*** Supplied data Section Begins ***
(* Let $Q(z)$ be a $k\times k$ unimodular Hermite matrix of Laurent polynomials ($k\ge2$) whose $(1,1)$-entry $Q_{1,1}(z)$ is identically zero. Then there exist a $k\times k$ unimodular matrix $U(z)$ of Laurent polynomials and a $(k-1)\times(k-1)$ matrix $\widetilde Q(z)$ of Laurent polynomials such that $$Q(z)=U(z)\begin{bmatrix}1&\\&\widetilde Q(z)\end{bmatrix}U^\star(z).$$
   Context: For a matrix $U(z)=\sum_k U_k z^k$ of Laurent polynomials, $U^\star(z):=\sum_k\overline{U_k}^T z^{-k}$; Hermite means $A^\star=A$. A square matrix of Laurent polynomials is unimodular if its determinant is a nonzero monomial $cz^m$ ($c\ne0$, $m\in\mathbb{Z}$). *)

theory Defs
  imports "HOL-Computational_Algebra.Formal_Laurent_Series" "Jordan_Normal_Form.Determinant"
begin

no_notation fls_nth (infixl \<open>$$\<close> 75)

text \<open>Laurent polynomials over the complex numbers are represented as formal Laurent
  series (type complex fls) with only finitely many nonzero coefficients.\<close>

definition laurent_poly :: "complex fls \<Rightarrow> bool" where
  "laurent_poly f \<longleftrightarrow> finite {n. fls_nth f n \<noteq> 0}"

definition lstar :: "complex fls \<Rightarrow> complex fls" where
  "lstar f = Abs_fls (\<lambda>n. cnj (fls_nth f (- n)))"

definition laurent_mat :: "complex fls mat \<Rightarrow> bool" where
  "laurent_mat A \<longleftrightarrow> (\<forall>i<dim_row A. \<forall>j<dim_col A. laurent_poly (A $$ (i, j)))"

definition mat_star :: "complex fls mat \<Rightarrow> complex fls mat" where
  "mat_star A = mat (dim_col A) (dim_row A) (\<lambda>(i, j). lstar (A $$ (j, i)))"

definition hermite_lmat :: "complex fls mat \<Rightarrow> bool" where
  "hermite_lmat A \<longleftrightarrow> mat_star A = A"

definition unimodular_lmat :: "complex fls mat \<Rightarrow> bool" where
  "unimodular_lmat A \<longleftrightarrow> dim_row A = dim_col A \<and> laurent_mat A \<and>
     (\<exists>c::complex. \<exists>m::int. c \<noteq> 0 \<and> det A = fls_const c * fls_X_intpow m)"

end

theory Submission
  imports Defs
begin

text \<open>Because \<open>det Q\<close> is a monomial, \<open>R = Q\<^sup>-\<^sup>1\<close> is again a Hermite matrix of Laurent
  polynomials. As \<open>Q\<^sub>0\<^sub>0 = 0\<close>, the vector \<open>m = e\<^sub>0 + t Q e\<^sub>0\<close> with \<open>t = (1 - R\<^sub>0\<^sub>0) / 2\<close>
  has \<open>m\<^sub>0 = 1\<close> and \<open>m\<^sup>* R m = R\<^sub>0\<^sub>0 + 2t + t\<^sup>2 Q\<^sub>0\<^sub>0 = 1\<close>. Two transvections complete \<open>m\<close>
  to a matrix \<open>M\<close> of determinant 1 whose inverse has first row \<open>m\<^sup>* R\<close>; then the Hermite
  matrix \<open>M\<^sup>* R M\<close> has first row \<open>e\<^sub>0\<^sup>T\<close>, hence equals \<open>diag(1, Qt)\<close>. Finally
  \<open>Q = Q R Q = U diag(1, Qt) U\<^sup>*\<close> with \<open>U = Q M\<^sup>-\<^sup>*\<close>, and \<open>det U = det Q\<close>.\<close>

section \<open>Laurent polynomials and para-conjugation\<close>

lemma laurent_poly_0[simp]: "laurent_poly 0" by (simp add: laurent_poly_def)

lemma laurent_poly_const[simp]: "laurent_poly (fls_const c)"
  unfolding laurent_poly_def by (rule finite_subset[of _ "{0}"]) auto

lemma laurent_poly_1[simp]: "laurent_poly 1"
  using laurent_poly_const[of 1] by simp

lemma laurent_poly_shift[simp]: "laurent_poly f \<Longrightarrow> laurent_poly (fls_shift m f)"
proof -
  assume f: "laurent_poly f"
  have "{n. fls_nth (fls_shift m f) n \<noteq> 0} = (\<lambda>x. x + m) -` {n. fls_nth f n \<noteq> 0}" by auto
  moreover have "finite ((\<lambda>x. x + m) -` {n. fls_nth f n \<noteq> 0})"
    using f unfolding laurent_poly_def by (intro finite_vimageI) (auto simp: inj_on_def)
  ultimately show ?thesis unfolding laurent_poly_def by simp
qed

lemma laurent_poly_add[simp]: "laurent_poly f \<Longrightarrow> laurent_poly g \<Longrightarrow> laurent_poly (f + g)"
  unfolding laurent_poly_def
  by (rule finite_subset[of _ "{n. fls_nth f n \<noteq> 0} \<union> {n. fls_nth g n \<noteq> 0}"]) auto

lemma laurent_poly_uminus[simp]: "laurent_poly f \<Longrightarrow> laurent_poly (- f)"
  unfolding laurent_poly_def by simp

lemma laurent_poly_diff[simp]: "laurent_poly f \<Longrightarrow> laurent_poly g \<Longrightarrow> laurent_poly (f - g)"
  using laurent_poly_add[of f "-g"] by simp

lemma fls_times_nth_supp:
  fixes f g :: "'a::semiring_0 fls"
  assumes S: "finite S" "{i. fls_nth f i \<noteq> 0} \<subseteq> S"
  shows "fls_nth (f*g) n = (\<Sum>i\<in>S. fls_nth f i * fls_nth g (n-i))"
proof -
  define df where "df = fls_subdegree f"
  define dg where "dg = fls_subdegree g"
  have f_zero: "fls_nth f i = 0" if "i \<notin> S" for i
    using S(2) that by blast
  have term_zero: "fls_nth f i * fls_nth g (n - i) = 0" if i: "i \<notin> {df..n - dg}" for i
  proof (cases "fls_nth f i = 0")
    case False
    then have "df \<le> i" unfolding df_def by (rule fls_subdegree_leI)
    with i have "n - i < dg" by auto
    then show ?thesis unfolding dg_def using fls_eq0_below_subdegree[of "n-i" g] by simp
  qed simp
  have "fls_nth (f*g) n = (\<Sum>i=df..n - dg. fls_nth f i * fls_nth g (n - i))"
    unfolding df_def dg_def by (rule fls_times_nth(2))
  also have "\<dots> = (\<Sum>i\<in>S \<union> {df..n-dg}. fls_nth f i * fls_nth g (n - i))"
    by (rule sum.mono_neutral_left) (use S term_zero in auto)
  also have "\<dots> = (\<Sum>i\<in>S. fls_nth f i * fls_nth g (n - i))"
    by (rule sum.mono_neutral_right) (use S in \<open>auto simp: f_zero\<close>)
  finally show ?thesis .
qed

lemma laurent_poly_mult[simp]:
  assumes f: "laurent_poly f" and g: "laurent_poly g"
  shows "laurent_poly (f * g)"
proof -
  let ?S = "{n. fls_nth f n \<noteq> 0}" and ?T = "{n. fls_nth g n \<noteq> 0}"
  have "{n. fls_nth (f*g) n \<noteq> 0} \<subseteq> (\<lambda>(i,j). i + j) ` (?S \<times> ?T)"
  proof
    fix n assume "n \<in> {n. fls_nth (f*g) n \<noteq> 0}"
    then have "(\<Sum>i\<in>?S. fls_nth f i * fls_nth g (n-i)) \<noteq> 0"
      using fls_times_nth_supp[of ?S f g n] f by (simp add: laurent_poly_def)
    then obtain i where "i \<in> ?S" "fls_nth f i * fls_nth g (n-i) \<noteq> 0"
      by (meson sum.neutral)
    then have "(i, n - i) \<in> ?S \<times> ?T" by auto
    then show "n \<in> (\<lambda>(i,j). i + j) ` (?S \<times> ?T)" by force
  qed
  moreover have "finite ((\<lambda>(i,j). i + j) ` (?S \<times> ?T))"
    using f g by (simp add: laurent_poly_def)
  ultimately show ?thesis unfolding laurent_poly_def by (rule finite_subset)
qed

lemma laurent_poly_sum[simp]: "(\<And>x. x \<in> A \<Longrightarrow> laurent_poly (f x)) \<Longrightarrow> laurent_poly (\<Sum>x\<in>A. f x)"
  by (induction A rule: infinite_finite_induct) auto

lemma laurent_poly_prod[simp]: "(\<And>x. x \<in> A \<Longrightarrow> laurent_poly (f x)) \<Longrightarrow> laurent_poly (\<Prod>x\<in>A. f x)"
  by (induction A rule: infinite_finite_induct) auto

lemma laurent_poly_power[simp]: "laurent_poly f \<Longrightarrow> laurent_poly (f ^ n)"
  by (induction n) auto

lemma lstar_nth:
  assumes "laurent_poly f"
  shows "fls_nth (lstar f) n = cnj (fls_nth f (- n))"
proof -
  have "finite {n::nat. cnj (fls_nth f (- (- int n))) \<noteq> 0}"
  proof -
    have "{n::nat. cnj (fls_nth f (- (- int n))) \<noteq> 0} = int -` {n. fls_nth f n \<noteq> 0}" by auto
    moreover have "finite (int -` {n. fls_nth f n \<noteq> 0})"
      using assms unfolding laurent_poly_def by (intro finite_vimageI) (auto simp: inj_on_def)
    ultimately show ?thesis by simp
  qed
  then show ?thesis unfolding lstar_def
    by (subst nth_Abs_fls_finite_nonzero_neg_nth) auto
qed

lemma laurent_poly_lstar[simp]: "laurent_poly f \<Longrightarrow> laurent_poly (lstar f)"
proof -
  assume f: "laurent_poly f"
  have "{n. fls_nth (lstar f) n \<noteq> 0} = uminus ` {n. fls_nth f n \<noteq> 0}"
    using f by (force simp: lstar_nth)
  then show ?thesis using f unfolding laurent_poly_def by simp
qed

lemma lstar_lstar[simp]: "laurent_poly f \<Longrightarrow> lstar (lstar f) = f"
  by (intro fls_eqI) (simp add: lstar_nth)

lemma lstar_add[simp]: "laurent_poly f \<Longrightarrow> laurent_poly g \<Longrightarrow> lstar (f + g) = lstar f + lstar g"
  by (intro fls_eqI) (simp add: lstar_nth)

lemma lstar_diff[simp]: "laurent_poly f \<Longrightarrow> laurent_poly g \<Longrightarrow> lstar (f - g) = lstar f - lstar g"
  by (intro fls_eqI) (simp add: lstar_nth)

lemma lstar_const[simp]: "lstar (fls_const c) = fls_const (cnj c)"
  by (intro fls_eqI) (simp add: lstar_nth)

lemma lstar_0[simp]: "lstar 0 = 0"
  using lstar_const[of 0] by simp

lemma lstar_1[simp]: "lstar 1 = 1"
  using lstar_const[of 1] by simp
*** Supplied data Section Ends ***
*** Supplied data Section Begins ***
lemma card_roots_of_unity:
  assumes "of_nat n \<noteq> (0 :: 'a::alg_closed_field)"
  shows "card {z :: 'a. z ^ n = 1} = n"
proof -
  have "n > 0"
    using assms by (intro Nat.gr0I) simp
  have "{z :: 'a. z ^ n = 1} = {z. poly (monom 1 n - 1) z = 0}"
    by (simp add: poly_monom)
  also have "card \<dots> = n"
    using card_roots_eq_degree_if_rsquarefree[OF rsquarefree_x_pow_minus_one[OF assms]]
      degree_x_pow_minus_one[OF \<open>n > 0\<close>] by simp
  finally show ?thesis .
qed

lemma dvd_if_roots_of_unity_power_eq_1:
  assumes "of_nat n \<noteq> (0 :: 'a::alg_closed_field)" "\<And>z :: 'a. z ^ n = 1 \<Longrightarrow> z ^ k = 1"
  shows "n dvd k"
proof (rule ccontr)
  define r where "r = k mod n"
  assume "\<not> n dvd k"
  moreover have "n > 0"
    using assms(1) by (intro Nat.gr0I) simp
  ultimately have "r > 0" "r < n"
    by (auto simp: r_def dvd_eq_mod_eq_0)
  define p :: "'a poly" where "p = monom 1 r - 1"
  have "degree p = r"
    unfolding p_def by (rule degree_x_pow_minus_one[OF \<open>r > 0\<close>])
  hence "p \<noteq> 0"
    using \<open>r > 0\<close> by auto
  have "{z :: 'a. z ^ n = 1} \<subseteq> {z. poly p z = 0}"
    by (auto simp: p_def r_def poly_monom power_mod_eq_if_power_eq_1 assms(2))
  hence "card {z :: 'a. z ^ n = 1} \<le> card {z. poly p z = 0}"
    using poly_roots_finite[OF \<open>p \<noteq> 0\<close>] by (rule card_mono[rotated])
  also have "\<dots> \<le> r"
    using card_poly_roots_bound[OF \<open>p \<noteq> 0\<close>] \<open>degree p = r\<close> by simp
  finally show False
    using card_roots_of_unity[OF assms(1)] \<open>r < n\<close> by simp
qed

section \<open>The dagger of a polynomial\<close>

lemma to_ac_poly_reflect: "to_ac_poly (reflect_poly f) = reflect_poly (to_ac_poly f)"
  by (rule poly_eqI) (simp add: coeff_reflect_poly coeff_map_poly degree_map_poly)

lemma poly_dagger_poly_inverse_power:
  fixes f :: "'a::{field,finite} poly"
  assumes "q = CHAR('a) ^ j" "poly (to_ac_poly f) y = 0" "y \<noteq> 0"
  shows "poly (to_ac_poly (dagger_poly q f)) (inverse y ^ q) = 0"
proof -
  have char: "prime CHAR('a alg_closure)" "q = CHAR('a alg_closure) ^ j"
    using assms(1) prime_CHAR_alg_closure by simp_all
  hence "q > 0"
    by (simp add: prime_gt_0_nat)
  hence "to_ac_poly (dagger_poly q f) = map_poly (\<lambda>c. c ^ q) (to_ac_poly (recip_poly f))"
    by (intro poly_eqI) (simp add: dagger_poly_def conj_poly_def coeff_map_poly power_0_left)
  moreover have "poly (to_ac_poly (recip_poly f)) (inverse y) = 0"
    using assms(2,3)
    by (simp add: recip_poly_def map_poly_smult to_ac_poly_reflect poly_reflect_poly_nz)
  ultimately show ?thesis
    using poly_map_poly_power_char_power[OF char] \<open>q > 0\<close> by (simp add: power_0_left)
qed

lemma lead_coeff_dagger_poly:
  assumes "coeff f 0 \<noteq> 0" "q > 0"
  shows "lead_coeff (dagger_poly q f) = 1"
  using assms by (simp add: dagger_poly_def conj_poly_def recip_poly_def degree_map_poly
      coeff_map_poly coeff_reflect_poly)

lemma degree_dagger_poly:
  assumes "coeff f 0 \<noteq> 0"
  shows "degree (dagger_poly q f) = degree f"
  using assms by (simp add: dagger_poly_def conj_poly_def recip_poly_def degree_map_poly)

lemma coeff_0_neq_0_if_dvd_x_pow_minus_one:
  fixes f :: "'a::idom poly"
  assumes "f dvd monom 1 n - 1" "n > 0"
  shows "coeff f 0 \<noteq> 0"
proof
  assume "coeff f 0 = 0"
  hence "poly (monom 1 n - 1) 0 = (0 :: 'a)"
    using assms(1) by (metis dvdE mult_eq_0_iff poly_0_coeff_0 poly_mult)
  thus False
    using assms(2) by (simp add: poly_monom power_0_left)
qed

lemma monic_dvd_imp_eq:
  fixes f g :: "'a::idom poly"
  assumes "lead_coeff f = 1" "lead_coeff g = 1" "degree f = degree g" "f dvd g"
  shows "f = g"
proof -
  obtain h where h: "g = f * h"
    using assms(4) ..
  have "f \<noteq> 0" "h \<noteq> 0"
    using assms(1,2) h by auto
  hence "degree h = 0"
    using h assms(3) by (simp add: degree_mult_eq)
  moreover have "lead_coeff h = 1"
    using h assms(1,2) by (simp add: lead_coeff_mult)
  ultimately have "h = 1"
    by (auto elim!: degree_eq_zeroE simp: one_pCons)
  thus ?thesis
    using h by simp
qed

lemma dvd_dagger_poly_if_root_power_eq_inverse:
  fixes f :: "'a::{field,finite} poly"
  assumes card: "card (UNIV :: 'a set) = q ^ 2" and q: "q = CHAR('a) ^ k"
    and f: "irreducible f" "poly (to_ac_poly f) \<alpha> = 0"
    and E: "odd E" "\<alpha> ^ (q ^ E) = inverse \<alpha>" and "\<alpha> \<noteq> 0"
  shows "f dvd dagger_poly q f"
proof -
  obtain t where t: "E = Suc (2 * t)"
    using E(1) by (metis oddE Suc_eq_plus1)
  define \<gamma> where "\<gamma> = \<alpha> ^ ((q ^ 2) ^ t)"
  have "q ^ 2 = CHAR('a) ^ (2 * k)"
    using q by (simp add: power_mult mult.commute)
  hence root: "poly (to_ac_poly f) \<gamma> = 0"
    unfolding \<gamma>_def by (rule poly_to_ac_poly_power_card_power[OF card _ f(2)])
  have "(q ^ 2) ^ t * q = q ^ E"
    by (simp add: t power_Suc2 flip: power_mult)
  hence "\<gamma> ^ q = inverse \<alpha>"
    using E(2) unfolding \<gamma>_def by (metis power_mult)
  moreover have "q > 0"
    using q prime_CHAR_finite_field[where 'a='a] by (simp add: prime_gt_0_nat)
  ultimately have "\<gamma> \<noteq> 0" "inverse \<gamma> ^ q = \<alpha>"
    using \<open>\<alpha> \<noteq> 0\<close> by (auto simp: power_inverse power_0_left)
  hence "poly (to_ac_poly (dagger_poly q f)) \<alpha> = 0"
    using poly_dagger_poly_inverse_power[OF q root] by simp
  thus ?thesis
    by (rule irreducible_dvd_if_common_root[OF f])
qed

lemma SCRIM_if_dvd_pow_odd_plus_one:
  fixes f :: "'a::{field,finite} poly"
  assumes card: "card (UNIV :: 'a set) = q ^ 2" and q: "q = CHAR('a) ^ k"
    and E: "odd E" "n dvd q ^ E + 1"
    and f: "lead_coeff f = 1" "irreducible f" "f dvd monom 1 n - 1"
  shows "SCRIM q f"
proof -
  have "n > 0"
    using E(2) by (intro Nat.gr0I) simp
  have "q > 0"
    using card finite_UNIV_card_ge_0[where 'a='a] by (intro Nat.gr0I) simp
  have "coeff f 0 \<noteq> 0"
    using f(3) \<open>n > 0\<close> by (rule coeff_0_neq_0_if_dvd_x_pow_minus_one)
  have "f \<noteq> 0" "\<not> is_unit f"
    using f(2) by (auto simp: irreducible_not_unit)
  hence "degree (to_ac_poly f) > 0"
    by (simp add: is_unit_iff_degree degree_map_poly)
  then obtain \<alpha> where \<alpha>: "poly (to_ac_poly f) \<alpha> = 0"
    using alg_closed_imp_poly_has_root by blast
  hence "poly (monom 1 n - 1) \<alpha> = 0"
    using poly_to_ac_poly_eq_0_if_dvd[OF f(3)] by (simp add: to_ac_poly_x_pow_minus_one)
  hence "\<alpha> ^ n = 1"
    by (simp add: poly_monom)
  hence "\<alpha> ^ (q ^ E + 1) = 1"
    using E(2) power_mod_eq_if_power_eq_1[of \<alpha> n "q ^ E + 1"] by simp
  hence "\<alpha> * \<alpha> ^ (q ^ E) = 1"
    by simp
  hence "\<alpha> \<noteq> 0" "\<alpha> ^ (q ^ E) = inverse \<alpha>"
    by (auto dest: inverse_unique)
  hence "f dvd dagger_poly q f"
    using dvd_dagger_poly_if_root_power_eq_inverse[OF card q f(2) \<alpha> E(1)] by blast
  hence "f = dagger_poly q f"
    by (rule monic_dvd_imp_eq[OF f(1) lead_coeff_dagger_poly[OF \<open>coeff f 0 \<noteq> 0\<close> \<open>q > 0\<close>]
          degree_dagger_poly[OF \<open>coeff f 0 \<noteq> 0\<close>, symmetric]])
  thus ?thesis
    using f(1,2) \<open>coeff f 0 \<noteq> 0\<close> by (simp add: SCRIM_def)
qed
*** Supplied data Section Ends ***
*** Supplied data Section Begins ***
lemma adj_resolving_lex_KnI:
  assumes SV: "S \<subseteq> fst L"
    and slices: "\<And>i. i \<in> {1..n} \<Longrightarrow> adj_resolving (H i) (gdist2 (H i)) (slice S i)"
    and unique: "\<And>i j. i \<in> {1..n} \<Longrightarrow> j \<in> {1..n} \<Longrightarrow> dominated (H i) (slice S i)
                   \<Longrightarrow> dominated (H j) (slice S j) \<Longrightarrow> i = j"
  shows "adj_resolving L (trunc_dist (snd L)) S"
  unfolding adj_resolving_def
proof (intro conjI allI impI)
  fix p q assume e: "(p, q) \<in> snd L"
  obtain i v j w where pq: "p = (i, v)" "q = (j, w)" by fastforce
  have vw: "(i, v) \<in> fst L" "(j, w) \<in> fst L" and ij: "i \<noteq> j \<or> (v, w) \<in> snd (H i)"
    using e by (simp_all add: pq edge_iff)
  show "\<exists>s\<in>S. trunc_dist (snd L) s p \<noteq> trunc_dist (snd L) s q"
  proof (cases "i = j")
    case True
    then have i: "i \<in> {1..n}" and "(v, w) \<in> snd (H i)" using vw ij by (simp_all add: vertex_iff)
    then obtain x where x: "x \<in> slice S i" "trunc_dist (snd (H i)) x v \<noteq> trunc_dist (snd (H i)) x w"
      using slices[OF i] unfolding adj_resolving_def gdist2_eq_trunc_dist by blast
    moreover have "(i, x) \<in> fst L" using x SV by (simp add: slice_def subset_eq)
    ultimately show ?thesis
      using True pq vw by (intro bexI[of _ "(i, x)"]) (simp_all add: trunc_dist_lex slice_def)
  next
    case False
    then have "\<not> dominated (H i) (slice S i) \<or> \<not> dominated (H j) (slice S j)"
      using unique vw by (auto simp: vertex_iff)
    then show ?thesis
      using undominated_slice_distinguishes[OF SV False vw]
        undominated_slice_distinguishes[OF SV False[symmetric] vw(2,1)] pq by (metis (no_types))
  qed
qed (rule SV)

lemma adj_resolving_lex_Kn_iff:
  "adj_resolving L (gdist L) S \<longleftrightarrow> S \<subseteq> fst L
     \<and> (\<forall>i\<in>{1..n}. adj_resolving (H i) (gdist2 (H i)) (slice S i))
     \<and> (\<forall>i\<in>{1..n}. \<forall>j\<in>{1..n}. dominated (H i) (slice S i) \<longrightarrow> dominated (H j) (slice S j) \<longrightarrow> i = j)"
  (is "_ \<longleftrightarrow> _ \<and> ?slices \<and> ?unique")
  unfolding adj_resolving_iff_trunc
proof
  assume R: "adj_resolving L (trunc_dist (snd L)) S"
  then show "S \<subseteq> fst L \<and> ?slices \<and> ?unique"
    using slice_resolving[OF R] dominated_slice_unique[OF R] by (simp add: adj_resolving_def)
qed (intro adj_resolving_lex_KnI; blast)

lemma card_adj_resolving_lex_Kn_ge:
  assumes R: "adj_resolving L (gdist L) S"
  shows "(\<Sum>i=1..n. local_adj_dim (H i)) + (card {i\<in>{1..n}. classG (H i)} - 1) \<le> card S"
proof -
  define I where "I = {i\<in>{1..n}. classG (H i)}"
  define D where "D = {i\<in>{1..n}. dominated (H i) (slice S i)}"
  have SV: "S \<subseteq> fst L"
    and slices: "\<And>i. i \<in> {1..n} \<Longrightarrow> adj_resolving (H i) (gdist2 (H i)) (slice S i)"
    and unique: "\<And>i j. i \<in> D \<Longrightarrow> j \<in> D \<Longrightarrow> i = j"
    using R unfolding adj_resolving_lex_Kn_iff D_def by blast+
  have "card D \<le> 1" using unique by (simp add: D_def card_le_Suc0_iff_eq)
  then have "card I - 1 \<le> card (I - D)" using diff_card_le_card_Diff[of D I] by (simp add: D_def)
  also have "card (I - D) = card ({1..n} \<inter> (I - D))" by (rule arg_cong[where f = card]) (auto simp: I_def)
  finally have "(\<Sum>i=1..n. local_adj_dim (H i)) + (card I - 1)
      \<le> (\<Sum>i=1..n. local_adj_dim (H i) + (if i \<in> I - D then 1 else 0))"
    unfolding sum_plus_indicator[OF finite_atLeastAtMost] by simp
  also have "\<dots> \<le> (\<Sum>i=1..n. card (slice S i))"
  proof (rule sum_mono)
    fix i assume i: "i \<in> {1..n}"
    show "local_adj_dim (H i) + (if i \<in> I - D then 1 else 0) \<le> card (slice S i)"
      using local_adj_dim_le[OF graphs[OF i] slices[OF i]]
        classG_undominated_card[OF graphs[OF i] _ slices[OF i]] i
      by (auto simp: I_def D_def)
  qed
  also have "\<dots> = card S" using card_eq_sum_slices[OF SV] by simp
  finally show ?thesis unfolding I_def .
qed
*** Supplied data Section Ends ***
What you should do >> Only the lines above from the one with "has \<open>m\<^sub>0 = 1\<close>" up to and including the one with "unfolding laurent_poly_def by (rule finite_subset[of" should be repeated, exactly as written.

Exercise result >>
  has \<open>m\<^sub>0 = 1\<close> and \<open>m\<^sup>* R m = R\<^sub>0\<^sub>0 + 2t + t\<^sup>2 Q\<^sub>0\<^sub>0 = 1\<close>. Two transvections complete \<open>m\<close>
  to a matrix \<open>M\<close> of determinant 1 whose inverse has first row \<open>m\<^sup>* R\<close>; then the Hermite
  matrix \<open>M\<^sup>* R M\<close> has first row \<open>e\<^sub>0\<^sup>T\<close>, hence equals \<open>diag(1, Qt)\<close>. Finally
  \<open>Q = Q R Q = U diag(1, Qt) U\<^sup>*\<close> with \<open>U = Q M\<^sup>-\<^sup>*\<close>, and \<open>det U = det Q\<close>.\<close>

section \<open>Laurent polynomials and para-conjugation\<close>

lemma laurent_poly_0[simp]: "laurent_poly 0" by (simp add: laurent_poly_def)

lemma laurent_poly_const[simp]: "laurent_poly (fls_const c)"
  unfolding laurent_poly_def by (rule finite_subset[of _ "{0}"]) auto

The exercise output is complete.